--- The data ---

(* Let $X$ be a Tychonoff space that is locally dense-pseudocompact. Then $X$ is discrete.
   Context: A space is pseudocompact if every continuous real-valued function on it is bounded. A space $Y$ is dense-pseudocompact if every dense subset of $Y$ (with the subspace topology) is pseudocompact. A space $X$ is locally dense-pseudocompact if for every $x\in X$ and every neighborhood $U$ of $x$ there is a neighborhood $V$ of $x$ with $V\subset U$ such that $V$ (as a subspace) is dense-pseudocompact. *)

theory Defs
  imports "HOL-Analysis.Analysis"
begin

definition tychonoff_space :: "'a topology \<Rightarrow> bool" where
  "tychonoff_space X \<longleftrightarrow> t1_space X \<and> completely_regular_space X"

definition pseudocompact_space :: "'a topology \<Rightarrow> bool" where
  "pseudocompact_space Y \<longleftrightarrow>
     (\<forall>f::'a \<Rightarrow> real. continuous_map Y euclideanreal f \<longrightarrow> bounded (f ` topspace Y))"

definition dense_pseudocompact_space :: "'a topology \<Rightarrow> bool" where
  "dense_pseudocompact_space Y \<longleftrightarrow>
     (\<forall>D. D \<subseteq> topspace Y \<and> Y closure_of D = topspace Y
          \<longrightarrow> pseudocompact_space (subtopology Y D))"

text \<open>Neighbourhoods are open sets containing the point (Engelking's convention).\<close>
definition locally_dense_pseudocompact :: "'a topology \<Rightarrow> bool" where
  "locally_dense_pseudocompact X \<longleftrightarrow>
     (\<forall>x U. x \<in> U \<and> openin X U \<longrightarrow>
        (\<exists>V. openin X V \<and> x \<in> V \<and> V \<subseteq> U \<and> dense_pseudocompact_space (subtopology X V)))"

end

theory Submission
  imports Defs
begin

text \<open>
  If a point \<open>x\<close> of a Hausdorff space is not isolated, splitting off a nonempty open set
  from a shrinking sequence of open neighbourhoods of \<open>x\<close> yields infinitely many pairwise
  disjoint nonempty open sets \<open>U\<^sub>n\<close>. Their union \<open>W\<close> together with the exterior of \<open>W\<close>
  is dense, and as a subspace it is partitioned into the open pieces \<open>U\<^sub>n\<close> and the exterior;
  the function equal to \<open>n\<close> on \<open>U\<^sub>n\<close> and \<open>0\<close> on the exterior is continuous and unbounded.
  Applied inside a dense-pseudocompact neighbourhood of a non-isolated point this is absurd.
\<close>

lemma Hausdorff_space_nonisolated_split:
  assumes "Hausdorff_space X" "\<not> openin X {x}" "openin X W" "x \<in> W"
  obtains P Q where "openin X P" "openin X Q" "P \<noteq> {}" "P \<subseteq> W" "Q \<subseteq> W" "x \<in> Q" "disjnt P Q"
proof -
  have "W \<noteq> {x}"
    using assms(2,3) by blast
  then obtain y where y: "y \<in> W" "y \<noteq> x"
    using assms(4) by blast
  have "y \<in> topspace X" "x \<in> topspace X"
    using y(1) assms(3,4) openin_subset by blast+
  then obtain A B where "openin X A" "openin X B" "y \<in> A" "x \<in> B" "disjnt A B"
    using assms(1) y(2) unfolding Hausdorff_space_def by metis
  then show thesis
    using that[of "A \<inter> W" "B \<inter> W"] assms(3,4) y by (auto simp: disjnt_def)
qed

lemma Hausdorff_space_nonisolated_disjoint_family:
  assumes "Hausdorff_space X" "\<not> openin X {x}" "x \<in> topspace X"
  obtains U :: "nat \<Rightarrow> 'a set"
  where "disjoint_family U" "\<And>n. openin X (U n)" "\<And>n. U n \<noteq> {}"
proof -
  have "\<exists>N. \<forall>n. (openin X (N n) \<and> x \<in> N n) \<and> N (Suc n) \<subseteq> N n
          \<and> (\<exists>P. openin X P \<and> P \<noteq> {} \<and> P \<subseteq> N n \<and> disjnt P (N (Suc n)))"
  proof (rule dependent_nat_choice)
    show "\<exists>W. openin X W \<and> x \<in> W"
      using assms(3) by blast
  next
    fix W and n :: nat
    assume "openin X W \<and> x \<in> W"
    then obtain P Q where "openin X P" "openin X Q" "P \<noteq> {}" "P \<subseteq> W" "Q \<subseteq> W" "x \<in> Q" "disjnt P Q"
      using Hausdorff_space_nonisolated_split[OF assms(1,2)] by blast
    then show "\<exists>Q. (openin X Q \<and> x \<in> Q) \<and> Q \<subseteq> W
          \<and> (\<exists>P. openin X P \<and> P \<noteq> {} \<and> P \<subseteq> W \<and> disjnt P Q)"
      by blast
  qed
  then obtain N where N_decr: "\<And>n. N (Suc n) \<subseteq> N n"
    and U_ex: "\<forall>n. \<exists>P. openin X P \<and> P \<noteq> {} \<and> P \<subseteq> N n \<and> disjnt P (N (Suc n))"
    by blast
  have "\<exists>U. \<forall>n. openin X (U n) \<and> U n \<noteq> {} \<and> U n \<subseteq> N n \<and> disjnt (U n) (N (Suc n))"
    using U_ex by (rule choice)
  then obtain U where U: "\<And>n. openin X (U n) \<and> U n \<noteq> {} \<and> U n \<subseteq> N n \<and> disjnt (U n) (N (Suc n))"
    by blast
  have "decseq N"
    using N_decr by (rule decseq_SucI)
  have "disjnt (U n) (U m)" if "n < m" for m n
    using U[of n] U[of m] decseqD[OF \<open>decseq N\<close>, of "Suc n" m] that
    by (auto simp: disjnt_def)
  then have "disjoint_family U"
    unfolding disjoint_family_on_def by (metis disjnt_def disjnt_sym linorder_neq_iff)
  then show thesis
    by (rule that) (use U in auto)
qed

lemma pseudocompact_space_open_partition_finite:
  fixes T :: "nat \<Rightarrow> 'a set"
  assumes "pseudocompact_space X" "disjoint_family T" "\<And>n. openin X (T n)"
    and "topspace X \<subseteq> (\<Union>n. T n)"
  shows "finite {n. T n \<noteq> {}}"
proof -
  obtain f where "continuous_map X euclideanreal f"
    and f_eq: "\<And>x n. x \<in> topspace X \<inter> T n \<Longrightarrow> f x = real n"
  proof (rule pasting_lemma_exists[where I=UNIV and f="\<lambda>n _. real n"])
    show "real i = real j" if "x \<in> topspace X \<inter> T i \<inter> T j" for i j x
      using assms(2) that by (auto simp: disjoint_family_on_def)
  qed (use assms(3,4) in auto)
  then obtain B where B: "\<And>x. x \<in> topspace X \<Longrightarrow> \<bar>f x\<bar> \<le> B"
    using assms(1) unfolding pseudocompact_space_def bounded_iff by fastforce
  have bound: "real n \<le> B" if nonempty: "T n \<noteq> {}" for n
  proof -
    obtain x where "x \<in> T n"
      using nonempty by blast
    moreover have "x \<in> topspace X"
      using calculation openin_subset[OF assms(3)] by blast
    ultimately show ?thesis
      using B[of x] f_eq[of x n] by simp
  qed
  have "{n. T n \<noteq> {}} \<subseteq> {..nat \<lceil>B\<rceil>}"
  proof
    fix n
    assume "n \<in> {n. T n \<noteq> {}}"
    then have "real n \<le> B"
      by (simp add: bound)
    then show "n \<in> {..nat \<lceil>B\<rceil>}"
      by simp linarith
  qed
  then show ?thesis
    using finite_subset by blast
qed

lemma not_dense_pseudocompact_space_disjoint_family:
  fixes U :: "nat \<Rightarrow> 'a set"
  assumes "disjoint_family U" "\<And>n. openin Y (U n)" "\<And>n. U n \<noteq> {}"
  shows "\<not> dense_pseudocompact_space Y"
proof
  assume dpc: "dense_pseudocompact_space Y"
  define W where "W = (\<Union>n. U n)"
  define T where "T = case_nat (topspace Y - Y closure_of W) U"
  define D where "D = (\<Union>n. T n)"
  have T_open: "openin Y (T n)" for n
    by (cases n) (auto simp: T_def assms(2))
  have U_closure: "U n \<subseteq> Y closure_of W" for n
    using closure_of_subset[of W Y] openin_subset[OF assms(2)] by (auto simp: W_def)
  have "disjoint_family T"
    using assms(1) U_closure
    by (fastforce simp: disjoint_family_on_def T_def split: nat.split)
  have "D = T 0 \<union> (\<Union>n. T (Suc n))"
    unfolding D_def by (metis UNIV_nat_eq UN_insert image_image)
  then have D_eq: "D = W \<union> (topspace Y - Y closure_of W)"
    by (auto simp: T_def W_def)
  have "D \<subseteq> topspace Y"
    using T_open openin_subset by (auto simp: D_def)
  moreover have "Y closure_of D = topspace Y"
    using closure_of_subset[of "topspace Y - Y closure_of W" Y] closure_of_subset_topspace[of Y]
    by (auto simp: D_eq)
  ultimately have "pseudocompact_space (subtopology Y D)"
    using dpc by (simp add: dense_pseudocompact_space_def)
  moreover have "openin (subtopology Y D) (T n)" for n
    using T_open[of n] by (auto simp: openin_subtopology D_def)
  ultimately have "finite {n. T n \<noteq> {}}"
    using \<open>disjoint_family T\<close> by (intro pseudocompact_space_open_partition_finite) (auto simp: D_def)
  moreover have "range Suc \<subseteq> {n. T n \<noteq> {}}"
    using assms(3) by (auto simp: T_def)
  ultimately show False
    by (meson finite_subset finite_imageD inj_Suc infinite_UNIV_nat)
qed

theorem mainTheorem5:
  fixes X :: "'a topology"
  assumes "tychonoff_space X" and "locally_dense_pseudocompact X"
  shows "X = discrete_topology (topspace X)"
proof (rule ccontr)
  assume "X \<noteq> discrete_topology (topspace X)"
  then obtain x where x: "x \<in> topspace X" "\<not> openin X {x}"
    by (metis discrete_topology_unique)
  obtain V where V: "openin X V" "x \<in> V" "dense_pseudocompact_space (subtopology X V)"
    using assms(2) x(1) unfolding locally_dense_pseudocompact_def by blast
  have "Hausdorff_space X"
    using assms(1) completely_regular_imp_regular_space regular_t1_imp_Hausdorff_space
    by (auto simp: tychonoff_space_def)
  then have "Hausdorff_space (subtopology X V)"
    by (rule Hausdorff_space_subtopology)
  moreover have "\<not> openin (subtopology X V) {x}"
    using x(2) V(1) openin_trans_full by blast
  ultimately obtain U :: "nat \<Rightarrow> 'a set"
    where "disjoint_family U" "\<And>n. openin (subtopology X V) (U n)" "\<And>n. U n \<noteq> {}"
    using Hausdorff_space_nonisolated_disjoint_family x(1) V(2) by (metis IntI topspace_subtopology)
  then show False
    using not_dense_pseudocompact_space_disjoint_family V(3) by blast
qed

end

---

Try it
Beginning at the line with "(\<exists>V. openin X" and ending at the line with "then obtain A", reproduce each line of the data above exactly, and add no other lines.

Solved problem
        (\<exists>V. openin X V \<and> x \<in> V \<and> V \<subseteq> U \<and> dense_pseudocompact_space (subtopology X V)))"

end

theory Submission
  imports Defs
begin

text \<open>
  If a point \<open>x\<close> of a Hausdorff space is not isolated, splitting off a nonempty open set
  from a shrinking sequence of open neighbourhoods of \<open>x\<close> yields infinitely many pairwise
  disjoint nonempty open sets \<open>U\<^sub>n\<close>. Their union \<open>W\<close> together with the exterior of \<open>W\<close>
  is dense, and as a subspace it is partitioned into the open pieces \<open>U\<^sub>n\<close> and the exterior;
  the function equal to \<open>n\<close> on \<open>U\<^sub>n\<close> and \<open>0\<close> on the exterior is continuous and unbounded.
  Applied inside a dense-pseudocompact neighbourhood of a non-isolated point this is absurd.
\<close>

lemma Hausdorff_space_nonisolated_split:
  assumes "Hausdorff_space X" "\<not> openin X {x}" "openin X W" "x \<in> W"
  obtains P Q where "openin X P" "openin X Q" "P \<noteq> {}" "P \<subseteq> W" "Q \<subseteq> W" "x \<in> Q" "disjnt P Q"
proof -
  have "W \<noteq> {x}"
    using assms(2,3) by blast
  then obtain y where y: "y \<in> W" "y \<noteq> x"
    using assms(4) by blast
  have "y \<in> topspace X" "x \<in> topspace X"
    using y(1) assms(3,4) openin_subset by blast+
  then obtain A B where "openin X A" "openin X B" "y \<in> A" "x \<in> B" "disjnt A B"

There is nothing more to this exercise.